──────── Study material ────────

(* Countable subadditivity of outer probability: choose measurable covers
   whose measures exceed the outer probabilities by a summable slack. *)
lemma outer_prob_countable_subadditive:
  assumes "finite_measure M"
    and cover: "A \<inter> space M \<subseteq> G \<union> (\<Union>j. As j)"
    and summ: "summable (\<lambda>j. outer_prob M (As j))"
  shows "outer_prob M A \<le> outer_prob M G + (\<Sum>j. outer_prob M (As j))"
proof (rule field_le_epsilon)
  interpret finite_measure M by fact
  fix e :: real assume e: "0 < e"
  define slack where "slack j = e / 4 * (1/2) ^ j" for j :: nat
  have slack_sums: "slack sums (e / 2)"
    using sums_mult[OF geometric_sums[of "1/2::real"], of "e / 4"] unfolding slack_def by simp
  obtain W0 where W0: "W0 \<in> sets M" "G \<inter> space M \<subseteq> W0" "measure M W0 < outer_prob M G + e / 2"
    using outer_prob_less_cover[of M G "outer_prob M G + e / 2"] e by auto
  have slack_pos: "0 < slack j" for j using e unfolding slack_def by simp
  obtain W where W: "\<And>j. W j \<in> sets M" "\<And>j. As j \<inter> space M \<subseteq> W j"
      "\<And>j. measure M (W j) < outer_prob M (As j) + slack j"
    using outer_prob_cover_family[where s = slack and M = M and A = As, OF slack_pos] by blast
  have bound_summable: "summable (\<lambda>j. outer_prob M (As j) + slack j)"
    using summ sums_summable[OF slack_sums] by (rule summable_add)
  have W_summable: "summable (\<lambda>j. measure M (W j))"
  proof (rule summable_comparison_test'[OF bound_summable])
    show "norm (measure M (W j)) \<le> outer_prob M (As j) + slack j" for j
      using W(3)[of j] by simp
  qed
  have "outer_prob M A \<le> measure M (W0 \<union> (\<Union>j. W j))"
  proof (rule outer_prob_le_measure)
    show "W0 \<union> (\<Union>j. W j) \<in> sets M" using W0 W by auto
    show "A \<inter> space M \<subseteq> W0 \<union> (\<Union>j. W j)"
    proof
      fix x assume x: "x \<in> A \<inter> space M"
      then consider "x \<in> G" | j where "x \<in> As j" using cover by blast
      then show "x \<in> W0 \<union> (\<Union>j. W j)"
        using x W0(2) W(2) by cases blast+
    qed
  qed
  also have "\<dots> \<le> measure M W0 + measure M (\<Union>j. W j)"
    using W0 W by (intro measure_Un_le) auto
  also have "measure M (\<Union>j. W j) \<le> (\<Sum>j. measure M (W j))"
    using W W_summable by (intro finite_measure_subadditive_countably) auto
  also have "\<dots> \<le> (\<Sum>j. outer_prob M (As j) + slack j)"
    using W(3) W_summable bound_summable by (intro suminf_le) (auto intro: less_imp_le)
  also have "\<dots> = (\<Sum>j. outer_prob M (As j)) + e / 2"
    using suminf_add[OF summ sums_summable[OF slack_sums]] slack_sums by (simp add: sums_iff)
  finally show "outer_prob M A \<le> outer_prob M G + (\<Sum>j. outer_prob M (As j)) + e"
    using W0 by linarith
qed

lemma markov_measure:
  assumes "finite_measure M" and T: "T \<in> borel_measurable M" and t: "t > 0"
    and I: "(\<integral>\<^sup>+\<omega>. T \<omega> \<partial>M) \<le> ennreal c" and c: "0 \<le> c"
  shows "measure M {\<omega>\<in>space M. ennreal t \<le> T \<omega>} \<le> c / t"
proof -
  interpret finite_measure M by fact
  let ?A = "{\<omega>\<in>space M. ennreal t \<le> T \<omega>}"
  have A: "?A \<in> sets M" using T by measurable
  have "ennreal (t * measure M ?A) = (\<integral>\<^sup>+\<omega>. ennreal t * indicator ?A \<omega> \<partial>M)"
    using A t by (simp add: nn_integral_cmult_indicator emeasure_eq_measure ennreal_mult)
  also have "\<dots> \<le> (\<integral>\<^sup>+\<omega>. T \<omega> \<partial>M)"
    by (intro nn_integral_mono) (auto split: split_indicator)
  finally have "t * measure M ?A \<le> c"
    using I c by (metis order.trans ennreal_le_iff)
  thus ?thesis using t by (simp add: pos_le_divide_eq mult.commute)
qed

(* Markov's inequality for outer expectations: apply the measurable version to
   nearly optimal measurable majorants of S. *)
lemma outer_prob_markov:
  assumes "finite_measure M" and t: "t > 0" and c: "0 \<le> c"
    and S: "outer_exp M S \<le> ennreal c"
  shows "outer_prob M {\<omega>\<in>space M. ennreal t \<le> S \<omega>} \<le> c / t"
proof (rule field_le_epsilon)
  fix e :: real assume e: "0 < e"
  have "outer_exp M S < ennreal (c + e * t)"
    using S c e t by (auto intro: order.strict_trans1 simp: ennreal_less_iff)
  then obtain T where T: "T \<in> borel_measurable M" "\<And>\<omega>. \<omega> \<in> space M \<Longrightarrow> S \<omega> \<le> T \<omega>"
      and I: "(\<integral>\<^sup>+\<omega>. T \<omega> \<partial>M) < ennreal (c + e * t)"
    unfolding outer_exp_def INF_less_iff by blast
  have "outer_prob M {\<omega>\<in>space M. ennreal t \<le> S \<omega>} \<le> measure M {\<omega>\<in>space M. ennreal t \<le> T \<omega>}"
    using T by (intro outer_prob_le_measure) (auto intro: order.trans, measurable)
  also have "\<dots> \<le> (c + e * t) / t"
    using assms(1) T(1) t I c e by (intro markov_measure) auto
  also have "\<dots> = c / t + e" using t by (simp add: field_simps)
  finally show "outer_prob M {\<omega>\<in>space M. ennreal t \<le> S \<omega>} \<le> c / t + e" .
qed
lemma inj_on_loop_values: "inj_on (loop_values n d1 d2) (consistent_middles N n d1 d2 I K)"
proof (rule inj_onI)
  fix J J' assume J: "J \<in> consistent_middles N n d1 d2 I K" and J': "J' \<in> consistent_middles N n d1 d2 I K"
    and eq: "loop_values n d1 d2 J = loop_values n d1 d2 J'"
  have "J i = J' i" if "i < n" for i
    using consistent_middle_forced[OF J that] consistent_middle_forced[OF J' that]
      consistent_middle_loop[OF J that] consistent_middle_loop[OF J' that] eq by metis
  moreover have "J \<in> labellings N n" "J' \<in> labellings N n"
    using J J' by (auto simp: consistent_middles_def)
  ultimately show "J = J'" using labellings_eq_iff by blast
qed

lemma middle_from_labellings:
  assumes g: "g \<in> loop_classes n d1 d2 \<rightarrow>\<^sub>E {..<N}"
  shows "middle_from n d1 d2 I K g \<in> labellings N n"
proof -
  have "class_value n d1 d2 I K g (stack_class n d1 d2 (1, i)) < N" if i: "i < n" for i
  proof (cases "stack_class n d1 d2 (1, i) \<in> loop_classes n d1 d2")
    case True
    then show ?thesis using g by (auto simp: class_value_def)
  next
    case False
    then have "\<exists>y. y \<in> pts n \<and> outer y \<in> stack_class n d1 d2 (1, i)"
      using middle_class_outer[OF i] by blast
    from someI_ex[OF this] show ?thesis
      using False bounded_I bounded_K
      by (auto simp: class_value_def forced_label_def boundary_label_def label_bounded_def pts_iff)
  qed
  then show ?thesis by (simp add: labellings_def middle_from_def)
qed
(* Let $\gamma\in(0,2)$, $d\in\mathbb N_+$ and $H\in S^d_\gamma$. Then there is $C>0$ such that for all integers $n\ge1$, $$\frac{n^\gamma}{n^{2d}}\sup_{s\in[0,T]}\sum_{\hat x,\hat y\in\mathbb Z^d}\big[H_s(\tfrac{\hat y}n)-H_s(\tfrac{\hat x}n)\big]^2p_\gamma(\hat y-\hat x)\le C\frac{n+n^\gamma}{n^{d+1}}\le C\frac{n+n^\gamma}{n^2},$$ and there is $C'>0$ such that for all integers $n\ge2$, $\frac{n+n^\gamma}{n^2}\le C'\frac{r_n^\gamma}{n}$.
   Context: Fix $T>0$. $p_\gamma(\hat z)=c_\gamma|\hat z|^{-d-\gamma}\mathbb 1_{\hat z\ne0}$ with $c_\gamma>0$ such that $\sum_{\hat z}p_\gamma(\hat z)=1$. $r_n^\gamma=1$ if $\gamma\in(0,1)$, $\log n$ if $\gamma=1$, $n^{\gamma-1}$ if $\gamma\in(1,2)$. Test functions: $C^{1,2}$ = functions on $[0,T]\times\mathbb R^d$ continuously differentiable in time and twice in space; $C^{1,2}_c$ those with compact support; $S^{1,2}$ those $G\in C^{1,2}$ with $\partial_sG_s$ twice continuously differentiable in space and $\sup_s\sup_{\hat u}|\hat u|^k\sum_{K\in\{G_s,\partial_sG_s\}}(|K|+\sum_j|\partial_jK|+\sum_{i,j}|\partial_{ij}K|)<\infty$ for all $k$. $S^d_\gamma=C^{1,2}_c$ if $\gamma\in(0,1]$ or $d\ge2$; $S^{1,2}([0,T]\times\mathbb R)$ if $d=1,\gamma\in(1,2)$. *)

theory Defs
  imports "HOL-Analysis.Analysis"
begin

────────

#### What is expected:
Find every line in the records that uses the string "also", then copy it.

#### Solution below:
  also have "\<dots> \<le> measure M W0 + measure M (\<Union>j. W j)"
  also have "measure M (\<Union>j. W j) \<le> (\<Sum>j. measure M (W j))"
  also have "\<dots> \<le> (\<Sum>j. outer_prob M (As j) + slack j)"
  also have "\<dots> = (\<Sum>j. outer_prob M (As j)) + e / 2"
  also have "\<dots> \<le> (\<integral>\<^sup>+\<omega>. T \<omega> \<partial>M)"
  also have "\<dots> \<le> (c + e * t) / t"
  also have "\<dots> = c / t + e" using t by (simp add: field_simps)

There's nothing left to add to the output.